What lights up her eyes and makes her smile? Is it flowers? Candy? Craft beer? Kitchen tools? Fuzzy sweaters? Wind chimes? What does she mention liking when you two are out and about together? What is she drawn to? Make note of it and get her something small that fits her likes. Bring her a small token that you know she'll enjoy receiving. Leave a small memento on her pillow or some other place she'll find it and be surprised. But, it's hard for us to be really specific because we don't know your wife. If you don't have any good ideas, it may be that _you_ don't really know your wife all that well either. Sadly, not really knowing one's partner all that well is not that uncommon. So, if that's the case, start paying better attention. Figure out what makes your wife smile and buy or find things that do and give them to her. It's likely that it's the knowing her and paying attention to what she likes that will be the best "gift" of all.


----------



## aine (Feb 15, 2014)

Rowan said:


> I would imagine that your wife feels that if she has to tell you what to buy her, then it's not really a gift but rather more in line with you helping out with the shopping. Some people are fine with providing a gift list from which their partner may choose a gift, but your wife doesn't appear to fall into that category. While it may or may not be a rational way to approach the situation, some people just don't feel it's really much of a "gift" if they have to tell you specifically what to give them.
> 
> What lights up her eyes and makes her smile? Is it flowers? Candy? Craft beer? Kitchen tools? Fuzzy sweaters? Wind chimes? What does she mention liking when you two are out and about together? What is she drawn to? Make note of it and get her something small that fits her likes. Bring her a small token that you know she'll enjoy receiving. Leave a small memento on her pillow or some other place she'll find it and be surprised. But, it's hard for us to be really specific because we don't know your wife. If you don't have any good ideas, it may be that _you_ don't really know your wife all that well either. Sadly, not really knowing one's partner all that well is not that uncommon. So, if that's the case, start paying better attention. Figure out what makes your wife smile and buy or find things that do and give them to her. It's likely that it's the knowing her and paying attention to what she likes that will be the best "gift" of all.

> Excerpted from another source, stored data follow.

lemma prob_adjacent_low_pair_le:
  assumes p: "0 \<le> p" "p \<le> 1"
  shows "subset_prob p (all_edges n) (has_adjacent_low_pair n T) \<le> real n ^ 2 * (p * binom_cdf (n - 2) p T ^ 2)"
proof -
  define I where "I = {(u, v). u < n \<and> v < n \<and> u \<noteq> v}"
  define P where "P = (\<lambda>(u, v) E. {{u, v}} \<subseteq> E \<and> degree E u \<le> T \<and> degree E v \<le> T)"
  have I: "I \<subseteq> {0..<n} \<times> {0..<n}" unfolding I_def by auto
  have "subset_prob p (all_edges n) (has_adjacent_low_pair n T)
    = subset_prob p (all_edges n) (\<lambda>E. \<exists>i\<in>I. P i E)"
    by (intro subset_prob_cong) (auto simp: I_def P_def has_adjacent_low_pair_def)
  also have "\<dots> \<le> real (n ^ 2) * (p * binom_cdf (n - 2) p T ^ 2)"
  proof (rule subset_prob_Bex_le_card_mult[OF p])
    show "finite I" "card I \<le> n ^ 2"
      using finite_subset[OF I] card_mono[OF _ I] by (auto simp: power2_eq_square card_cartesian_product)
    show "0 \<le> p * binom_cdf (n - 2) p T ^ 2" using p binom_cdf_nonneg by simp
    fix i assume "i \<in> I"
    then obtain u v where i: "i = (u, v)" "u < n" "v < n" "u \<noteq> v" unfolding I_def by blast
    have "subset_prob p (all_edges n) (\<lambda>E. {{u, v}} \<subseteq> E \<and> degree E u \<le> T \<and> degree E v \<le> T)
        \<le> p ^ card {{u, v}} * binom_cdf (n - card {u, v}) p T ^ 2"
      using i by (intro prob_low_degree_pair_le[OF p]) (auto simp: all_edges_def)
    then show "subset_prob p (all_edges n) (P i) \<le> p * binom_cdf (n - 2) p T ^ 2"
      unfolding P_def using i by (simp add: numeral_2_eq_2)
  qed
  finally show ?thesis by simp
qed

lemma prob_low_pair_common_neighbour_le:
  assumes p: "0 \<le> p" "p \<le> 1"
  shows "subset_prob p (all_edges n) (has_low_pair_common_neighbour n T) \<le> real n ^ 3 * (p ^ 2 * binom_cdf (n - 3) p T ^ 2)"
proof -
  define I where "I = {(w, u, v). w < n \<and> u < n \<and> v < n \<and> u \<noteq> v \<and> u \<noteq> w \<and> v \<noteq> w}"
  define P where "P = (\<lambda>(w, u, v) E. {{u, w}, {v, w}} \<subseteq> E \<and> degree E u \<le> T \<and> degree E v \<le> T)"
  have I: "I \<subseteq> {0..<n} \<times> {0..<n} \<times> {0..<n}" unfolding I_def by auto
  have "subset_prob p (all_edges n) (has_low_pair_common_neighbour n T)
    = subset_prob p (all_edges n) (\<lambda>E. \<exists>i\<in>I. P i E)"
  proof (rule subset_prob_cong)
    fix E assume E: "E \<subseteq> all_edges n"
    have distinct: "x \<noteq> y" if "{x, y} \<in> E" for x y
      using that E unfolding all_edges_def by (auto simp: doubleton_eq_iff)
    show "has_low_pair_common_neighbour n T E \<longleftrightarrow> (\<exists>i\<in>I. P i E)"
      unfolding has_low_pair_common_neighbour_def
    proof
      assume "\<exists>w<n. \<exists>u<n. \<exists>v<n. u \<noteq> v \<and> {u, w} \<in> E \<and> {v, w} \<in> E \<and> degree E u \<le> T \<and> degree E v \<le> T"
      then obtain w u v where "w < n" "u < n" "v < n" "u \<noteq> v" "{u, w} \<in> E" "{v, w} \<in> E"
        "degree E u \<le> T" "degree E v \<le> T" by blast
      moreover have "u \<noteq> w" "v \<noteq> w" using distinct calculation by auto
      ultimately show "\<exists>i\<in>I. P i E" unfolding I_def P_def by (intro bexI[of _ "(w, u, v)"]) auto
    qed (auto simp: I_def P_def)
  qed
  also have "\<dots> \<le> real (n ^ 3) * (p ^ 2 * binom_cdf (n - 3) p T ^ 2)"
  proof (rule subset_prob_Bex_le_card_mult[OF p])
    show "finite I" "card I \<le> n ^ 3"
      using finite_subset[OF I] card_mono[OF _ I] by (auto simp: power3_eq_cube card_cartesian_product)
    show "0 \<le> p ^ 2 * binom_cdf (n - 3) p T ^ 2" using p binom_cdf_nonneg by simp
    fix i assume "i \<in> I"
    then obtain w u v where i: "i = (w, u, v)" "w < n" "u < n" "v < n" "u \<noteq> v" "u \<noteq> w" "v \<noteq> w"
      unfolding I_def by blast
    have "subset_prob p (all_edges n)
        (\<lambda>E. {{u, w}, {v, w}} \<subseteq> E \<and> degree E u \<le> T \<and> degree E v \<le> T)
      \<le> p ^ card {{u, w}, {v, w}} * binom_cdf (n - card {u, v, w}) p T ^ 2"
      using i by (intro prob_low_degree_pair_le[OF p]) (auto simp: all_edges_def)
    then show "subset_prob p (all_edges n) (P i) \<le> p ^ 2 * binom_cdf (n - 3) p T ^ 2"
      unfolding P_def using i by (simp add: doubleton_eq_iff numeral_3_eq_3 power2_eq_square)
  qed
  finally show ?thesis by simp
qed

One of the most frustrating things for a woman is a husband who doesn't know her, or buys **** that she doesn't want or like. My H does that, he buys stuff he would like, e.g. smart phones, pens, other technological stuff, etc. I would prefer gift cards to go shopping, a nice spa treatment, etc. He buys me great stuff if my daughter is with him though


----------



## EllisRedding (Apr 10, 2015)

aine said:


> One of the most frustrating things for a woman is a husband who doesn't know her, or buys **** that she doesn't want or like. My H does that, he buys stuff he would like, e.g. smart phones, pens, other technological stuff, etc. I would prefer gift cards to go shopping, a nice spa treatment, etc. He buys me great stuff if my daughter is with him though


I think for many it is naturally easier to buy things for someone that you can relate to. For example, I am a big technology guy, so if I get something tech based from my W it is typically b/c I see it as something that she can benefit from, even if it isn't something she would think of. 

One thing with the gift card, it may be something you prefer but maybe your H finds that as something rather impersonal (i.e. that is usually the gift you get someone when you don't know what else to get them)


----------



## ChipperE (Nov 16, 2016)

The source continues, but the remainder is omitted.